Medium Schweizer Familie, Schweiz
Datum 19. November 1998
Thema Caesars Druide / Interview
 

Schweizer Familie: 

Der erfolgreichste Krimi-Autor der Schweiz schreibt
einen 500 Seiten starken Römer-Roman. Was ist denn in Sie gefahren?

Claude Cueni: Das ist an sich gar nicht so erstaunlich. Ich stand immer
mit einem Bein in der römischen Antike und habe alles durch die Augen
eines Römers oder Kelten gesehen. Ich verbrachte meine halbe Kindheit mit kleinen Römerfigürli, für die ich Geschichten erfand. Es war für mich immer klar, dass ich eines Tages etwas mit dem Thema machen würde. Mein Sohn Clovis motivierte mich, diesen Roman zu schreiben. Er hat all die Römerromane von Maddox Roberts, Lindsey Davis etc. gelesen und wollte jetzt unbedingt einen von mir lesen.

SF: Da bekommt jeder Esoteriker leuchtende Augen: Sind Sie ein
Wiedergeborener Kelte?

Cueni: Keine Ahnung. Da müssten Sie schon die unsterblichen Götter
fragen. Aber opfern Sie zuerst einen weissen Stier.

SF: In Ihrem Buch hat Cäsar die Rolle eines Völkermörders, der sich
immer wieder über römisches Recht hinwegsetzt.

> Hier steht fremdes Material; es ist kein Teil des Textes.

text \<open>An affine hyperplane whose normal vector has a nonzero entry at coordinate es ! j0
  is a null set for a product of atomless sigma-finite Borel measures: each section in the
  direction es ! j0 meets it in at most one point.\<close>
lemma affine_hyperplane_null:
  fixes es :: "'e list" and u :: "nat \<Rightarrow> real" and c :: "'e \<Rightarrow> real"
  assumes \<mu>: "sigma_finite_measure \<mu>" "sets \<mu> = sets borel" "\<And>x. emeasure \<mu> {x} = 0"
    and es: "distinct es" "set es = E" and j0: "j0 < length es" and u0: "u j0 \<noteq> 0"
  shows "{w \<in> space (PiM E (\<lambda>_. \<mu>)). (\<Sum>j<length es. u j * (c (es ! j) + w (es ! j))) = 0}
         \<in> null_sets (PiM E (\<lambda>_. \<mu>))"
    (is "?H \<in> null_sets ?P")
proof -
  interpret product_sigma_finite "\<lambda>_. \<mu>"
    unfolding product_sigma_finite_def using \<mu>(1) by simp
  have [measurable]: "(\<lambda>w. w (es ! j)) \<in> borel_measurable ?P" if "j < length es" for j
    by (rule coordinate_borel_measurable[OF \<mu>(2)]) (use es that in auto)
  have H: "?H \<in> sets ?P" by measurable
  define e0 where "e0 = es ! j0"
  define I where "I = E - {e0}"
  have E: "E = insert e0 I" "e0 \<notin> I" "finite I" using es j0 unfolding I_def e0_def by auto
  define y0 where "y0 x = - (\<Sum>j\<in>{..<length es} - {j0}. u j * (c (es ! j) + x (es ! j))) / u j0 - c e0"
    for x :: "'e \<Rightarrow> real"
  have section_in_point: "indicator ?H (x(e0 := t)) \<le> (indicator {y0 x} t :: ennreal)" for x t
  proof (cases "x(e0 := t) \<in> ?H")
    case True
    have other: "(x(e0 := t)) (es ! j) = x (es ! j)" if "j \<in> {..<length es} - {j0}" for j
      using that es(1) j0 by (auto simp: e0_def nth_eq_iff_index_eq)
    have "(\<Sum>j<length es. u j * (c (es ! j) + (x(e0 := t)) (es ! j)))
        = u j0 * (c e0 + t) + (\<Sum>j\<in>{..<length es} - {j0}. u j * (c (es ! j) + x (es ! j)))"
      using j0 other by (simp add: sum.remove[of _ j0] e0_def)
    with True have "t = y0 x" unfolding y0_def using u0 by (simp add: field_simps)
    then show ?thesis by (simp add: indicator_def)
  qed simp
  have section_null: "(\<integral>\<^sup>+ t. indicator ?H (x(e0 := t)) \<partial>\<mu>) = 0" for x
  proof -
    have "(\<integral>\<^sup>+ t. indicator ?H (x(e0 := t)) \<partial>\<mu>) \<le> (\<integral>\<^sup>+ t. indicator {y0 x} t \<partial>\<mu>)"
      by (rule nn_integral_mono) (rule section_in_point)
    also have "\<dots> = 0" using \<mu>(2,3) by simp
    finally show ?thesis by simp
  qed
  have "emeasure ?P ?H = (\<integral>\<^sup>+ x. (\<integral>\<^sup>+ t. indicator ?H (x(e0 := t)) \<partial>\<mu>) \<partial>(PiM I (\<lambda>_. \<mu>)))"
    using product_nn_integral_insert[OF E(3,2), of "indicator ?H"] H by (simp add: E(1)[symmetric])
  also have "\<dots> = 0" by (simp add: section_null)
  finally show ?thesis using H by (simp add: null_sets_def)
qed

lemma dim_adjuster [simp]: "dim_vec (adjuster n w us) = n"
  by (induct us) auto

lemma adjuster_borel_measurable:
  fixes g :: "'x \<Rightarrow> real vec"
  assumes qs: "set qs \<subseteq> carrier_vec n"
    and g: "\<And>k. k < n \<Longrightarrow> (\<lambda>w. g w $ k) \<in> borel_measurable M" and i: "i < n"
  shows "(\<lambda>w. adjuster n (g w) qs $ i) \<in> borel_measurable M"
  using qs
proof (induct qs)
  case Nil
  then show ?case using i by simp
next
  case (Cons q qs)
  then have q: "q \<in> carrier_vec n" and IH: "(\<lambda>w. adjuster n (g w) qs $ i) \<in> borel_measurable M"
    by auto
  have "adjuster n (g w) (q # qs) $ i
     = - (\<Sum>k\<in>{0..<n}. g w $ k * q $ k) / (\<Sum>k\<in>{0..<n}. q $ k * q $ k) * q $ i + adjuster n (g w) qs $ i"
    for w using q i by (simp add: scalar_prod_def)
  then show ?case using IH g by simp measurable
qed

text \<open>The preimage of a linear subspace under a measurable vector-valued map is measurable;
  the subspace is described as the zero set of the residual map.\<close>
lemma (in real_vec_space) span_preimage_measurable:
  fixes g :: "'x \<Rightarrow> real vec" and qs :: "real vec list"
  assumes qs: "set qs \<subseteq> carrier_vec n" "corthogonal qs"
    and g: "\<And>w. g w \<in> carrier_vec n" and g_meas: "\<And>k. k < n \<Longrightarrow> (\<lambda>w. g w $ k) \<in> borel_measurable M"
  shows "{w \<in> space M. g w \<in> span (set qs)} \<in> sets M"
proof -
  have "g w \<in> span (set qs) \<longleftrightarrow> (\<forall>i\<in>{..<n}. adjuster n (g w) qs $ i + g w $ i = 0)" for w
    using in_span_iff_residual_zero[OF qs g[of w]] g[of w]
    by (auto simp: vec_eq_iff)
  moreover have "(\<lambda>w. adjuster n (g w) qs $ i + g w $ i) \<in> borel_measurable M" if "i < n" for i
    using adjuster_borel_measurable[OF qs(1) g_meas that] g_meas[OF that] by measurable
  ultimately show ?thesis by simp
qed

An der Schule bekommt man ein ganz anderes Bild des römischen Feldherren. Wie weit halten Sie sich an die historischen Tatsachen?

Cueni: Cäsar war weder der geniale Staatsmann noch der fiese
Keltenschlächter. Mein Cäsar-Bild ist sehr differenziert und entspricht der neusten Forschung. Das Manuskript wurde von Historikern und Archäologen gegengelesen und abgesegnet.

SF: Das Buch erzählt nicht nur eine gute Geschichte, sondern wirft auch ein neues Licht auf einen Teil unserer eigenen Geschichte. Hatten Sie diesen Ehrgeiz?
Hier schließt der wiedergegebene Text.